START Source information

lemma power2_sum_char2:
  fixes f :: "'b \<Rightarrow> 'a::comm_ring_1"
  assumes "(2::'a) = 0"
  shows "(sum f A)^2 = (\<Sum>x\<in>A. (f x)^2)"
proof (induction A rule: infinite_finite_induct)
  case (insert x F)
  have "(f x + sum f F)^2 = (f x)^2 + (sum f F)^2 + 2 * (f x * sum f F)"
    by (simp add: power2_eq_square algebra_simps)
  then show ?case using insert assms by simp
qed auto

lemma power_trinomial_less_2:
  fixes u v w :: "'a::comm_semiring_1"
  assumes "z < 2"
  shows "(u + v + w)^z = (\<Sum>(x, y)\<in>{(x, y). x + y \<le> z}. u^x * v^y * w^(z - x - y))"
proof (cases "z = 0")
  case True
  then have "{(x, y). x + y \<le> z} = {(0, 0)}" by auto
  then show ?thesis using True by simp
next
  case False
  then have "z = 1" using assms by simp
  moreover have "{(x, y). x + y \<le> z} = {(0, 0), (1, 0), (0, 1)}" using \<open>z = 1\<close> by auto
  ultimately show ?thesis by (simp add: algebra_simps)
qed

lemma trinomial_monomial_square_mult:
  fixes u v w :: "'a::comm_semiring_1"
  assumes "i + j \<le> c" "x + y \<le> z"
  shows "(u^i * v^j * w^(c - i - j))^2 * (u^x * v^y * w^(z - x - y)) =
    u^(2 * i + x) * v^(2 * j + y) * w^(2 * c + z - (2 * i + x) - (2 * j + y))"
proof -
  have "2 * c + z - (2 * i + x) - (2 * j + y) = (c - i - j) * 2 + (z - x - y)" using assms by simp
  then have "w^(2 * c + z - (2 * i + x) - (2 * j + y)) = (w^(c - i - j))^2 * w^(z - x - y)"
    by (metis power_add power_mult)
  moreover have "u^(2 * i + x) = (u^i)^2 * u^x" "v^(2 * j + y) = (v^j)^2 * v^y"
    by (simp_all add: power_add power_mult mult.commute)
  ultimately show ?thesis by (simp add: power_mult_distrib algebra_simps)
qed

END Source information

Prompt: The answer should be a bare number: how many lines of the material above include "then".

Response to this exercise: 5